By Brandon Stewart
Extensive effort has been put into safeguarding the desert tortoise species of Nevada. However, there is a much rarer creature that is getting even more special attention from Nevada students and Clark County.
Gila monsters, one of only two venomous lizards in the world, across the Mojave desert are being painstakingly sought to discover their world. According to Chris Gienger, a nevada natural resources and environmental sciences graduate student heading up the Clark County Multi-Species Habitat Conservation Project, it is no easy task.
“For every one Gila monster we see, we see 25 tortoises, which are significantly endangered as it is,” Gienger says.
In fact, it takes nearly 300 hours of searching before Gienger and his team find one of the rare lizards. That is a few months of searching 16 hours a day in the extreme heat of the Valley of Fire State Park on the eastern edge of Las Vegas.
Before this project began, only 12 of the lizards had ever been spotted in the Silver State.
“There have been state field biologists who’ve spent 30 years in Nevada working in the field and have never seen one,” Gienger says.
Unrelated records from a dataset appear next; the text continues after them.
(* For each prime $p$ let $\Lambda_p:\mathbb{F}_p\to[0,1]$ be $\Lambda_p(m \bmod p)=m/p$ for $m\in\{0,\dots,p-1\}$. The continuous-logic theory of the class of structures $(\mathbb{F}_p,+,\cdot,\Lambda_p)$, $p$ prime, is undecidable.
   Context: Continuous logic (equality discrete, no metric): a basic relation such as $\Lambda$ takes values in a compact subset of $\mathbb{C}$ (here $[0,1]$); formulas are built by continuous connectives, $\sup$/$\inf$ quantifiers and uniform limits; a sentence $\psi$ has a value $\psi^A$ in each structure $A$, lying in a compact set $V_\psi$. The theory of a class $\mathcal{C}$ assigns to each sentence $\psi$ the closure of $\{\psi^A:A\in\mathcal{C}\}$. It is decidable if there is an algorithm which, given a sentence $\psi$ and $\epsilon>0$, outputs a finite set $S\subseteq V_\psi$ such that every value $\psi^A$ ($A$ a model of the theory) is within $\epsilon$ of $S$ and every point of $S$ is within $\epsilon$ of some such value. *)

theory Defs
  imports "HOL-Analysis.Analysis" "HOL-Computational_Algebra.Primes" "HOL-Library.Nat_Bijection"
begin

datatype recf = Zr | Sc | Id nat | Cn recf "recf list" | Pr recf recf | Mn recf

inductive reval :: "recf \<Rightarrow> nat list \<Rightarrow> nat \<Rightarrow> bool" where
  zero: "reval Zr xs 0"
| succ: "reval Sc [x] (Suc x)"
| proj: "i < length xs \<Longrightarrow> reval (Id i) xs (xs ! i)"
| comp: "length ys = length fs \<Longrightarrow> (\<forall>i < length fs. reval (fs ! i) xs (ys ! i))
          \<Longrightarrow> reval g ys r \<Longrightarrow> reval (Cn g fs) xs r"
| prim0: "reval f xs r \<Longrightarrow> reval (Pr f g) (0 # xs) r"
| primS: "reval (Pr f g) (k # xs) r' \<Longrightarrow> reval g (k # r' # xs) r
          \<Longrightarrow> reval (Pr f g) (Suc k # xs) r"
| mu: "reval f (k # xs) 0 \<Longrightarrow> (\<forall>j < k. \<exists>r. reval f (j # xs) r \<and> 0 < r)
          \<Longrightarrow> reval (Mn f) xs k"

definition computable :: "(nat \<Rightarrow> nat) \<Rightarrow> bool" where
  "computable f \<longleftrightarrow> (\<exists>c. \<forall>x. reval c [x] (f x))"

datatype tm = V nat | Add tm tm | Mul tm tm

text \<open>Connectives: 1 - x, x/2, truncated subtraction (a generating set dense in all
  continuous connectives on [0,1]); quantifiers sup and inf.\<close>
datatype fm = Eq tm tm | Lam tm | Neg fm | Half fm | Minus fm fm | Sup nat fm | Inf nat fm

primrec tvars :: "tm \<Rightarrow> nat set" where
  "tvars (V i) = {i}"
| "tvars (Add a b) = tvars a \<union> tvars b"
| "tvars (Mul a b) = tvars a \<union> tvars b"

primrec fvars :: "fm \<Rightarrow> nat set" where
  "fvars (Eq s t) = tvars s \<union> tvars t"
| "fvars (Lam t) = tvars t"
| "fvars (Neg a) = fvars a"
| "fvars (Half a) = fvars a"
| "fvars (Minus a b) = fvars a \<union> fvars b"
| "fvars (Sup x a) = fvars a - {x}"
| "fvars (Inf x a) = fvars a - {x}"

definition sentence :: "fm \<Rightarrow> bool" where
  "sentence \<phi> \<longleftrightarrow> fvars \<phi> = {}"

text \<open>F_p is represented by {0..<p} with arithmetic mod p.\<close>
primrec tval :: "nat \<Rightarrow> (nat \<Rightarrow> nat) \<Rightarrow> tm \<Rightarrow> nat" where
  "tval p \<sigma> (V i) = \<sigma> i mod p"
| "tval p \<sigma> (Add a b) = (tval p \<sigma> a + tval p \<sigma> b) mod p"
| "tval p \<sigma> (Mul a b) = (tval p \<sigma> a * tval p \<sigma> b) mod p"

definition Lambda :: "nat \<Rightarrow> nat \<Rightarrow> real" where
  "Lambda p m = real (m mod p) / real p"

primrec fval :: "nat \<Rightarrow> (nat \<Rightarrow> nat) \<Rightarrow> fm \<Rightarrow> real" where
  "fval p \<sigma> (Eq s t) = (if tval p \<sigma> s = tval p \<sigma> t then 0 else 1)"
| "fval p \<sigma> (Lam t) = Lambda p (tval p \<sigma> t)"
| "fval p \<sigma> (Neg a) = 1 - fval p \<sigma> a"
| "fval p \<sigma> (Half a) = fval p \<sigma> a / 2"
| "fval p \<sigma> (Minus a b) = max 0 (fval p \<sigma> a - fval p \<sigma> b)"
| "fval p \<sigma> (Sup x a) = Max ((\<lambda>m. fval p (\<sigma>(x := m)) a) ` {0..<p})"
| "fval p \<sigma> (Inf x a) = Min ((\<lambda>m. fval p (\<sigma>(x := m)) a) ` {0..<p})"

text \<open>Theory of the class {(F_p,+,*,Lambda_p) : p prime}: closure of the value set.\<close>
definition Th_Fp :: "fm \<Rightarrow> real set" where
  "Th_Fp \<psi> = closure {fval p (\<lambda>_. 0) \<psi> | p. prime (p::nat)}"

primrec enc_tm :: "tm \<Rightarrow> nat" where
  "enc_tm (V i) = prod_encode (0, i)"
| "enc_tm (Add a b) = prod_encode (1, prod_encode (enc_tm a, enc_tm b))"
| "enc_tm (Mul a b) = prod_encode (2, prod_encode (enc_tm a, enc_tm b))"

primrec enc_fm :: "fm \<Rightarrow> nat" where
  "enc_fm (Eq s t) = prod_encode (0, prod_encode (enc_tm s, enc_tm t))"
| "enc_fm (Lam t) = prod_encode (1, enc_tm t)"
| "enc_fm (Neg a) = prod_encode (2, enc_fm a)"
| "enc_fm (Half a) = prod_encode (3, enc_fm a)"
| "enc_fm (Minus a b) = prod_encode (4, prod_encode (enc_fm a, enc_fm b))"
| "enc_fm (Sup x a) = prod_encode (5, prod_encode (x, enc_fm a))"
| "enc_fm (Inf x a) = prod_encode (6, prod_encode (x, enc_fm a))"

definition out_set :: "nat \<Rightarrow> real set" where
  "out_set n = set (map (\<lambda>c. case prod_decode c of (a, b) \<Rightarrow> real a / real (Suc b)) (list_decode n))"

text \<open>Decidability: an algorithm which, on input (sentence psi, k) with eps = 1/(k+1),
  outputs a finite S contained in V_psi = [0,1] that is eps-Hausdorff-close to T(psi).\<close>
definition decidable_th :: "(fm \<Rightarrow> real set) \<Rightarrow> bool" where
  "decidable_th T \<longleftrightarrow> (\<exists>f. computable f \<and>
     (\<forall>\<psi> k. sentence \<psi> \<longrightarrow>
        (let S = out_set (f (prod_encode (enc_fm \<psi>, k))); \<epsilon> = 1 / real (Suc k) in
          S \<subseteq> {0..1} \<and>
          (\<forall>v\<in>T \<psi>. \<exists>s\<in>S. dist v s \<le> \<epsilon>) \<and>
          (\<forall>s\<in>S. \<exists>v\<in>T \<psi>. dist s v \<le> \<epsilon>))))"

end

theory Submission
  imports Defs "HOL-Number_Theory.Number_Theory"
begin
However, during the three years of the project, which is the first of its kind in the state, 16 of the animals have been found, more than have been spotted in the history of the search.
When captured, the researchers attach a miniature radio transmitter to the lizard for tracking purposes.
“We want to find out how they survive in the desert,” Gienger said. “Because they’re so rare, we didn’t know anything about them [before the project began].”
Some of the most significant findings so far relate to Gila monsters’ unique characteristics. As opposed to the ones found in Arizona, Utah, New Mexico and California, the Nevada Gila monster is roughly half their size and can travel twice as far in the same amount of time.
The significance of this project is especially apparent in the booming city of Las Vegas.
“Vegas is the fastest-growing city in the U.S., and it could potentially just wipe out unknown populations before they’re even identified — before we even know anything about the species,” Gienger says. “We’re trying to find out everything we can before they are gone.”
Following the project, Gienger plans to use data collected for his doctoral dissertation in mapping the habitat of the lizard and detailing its behavior.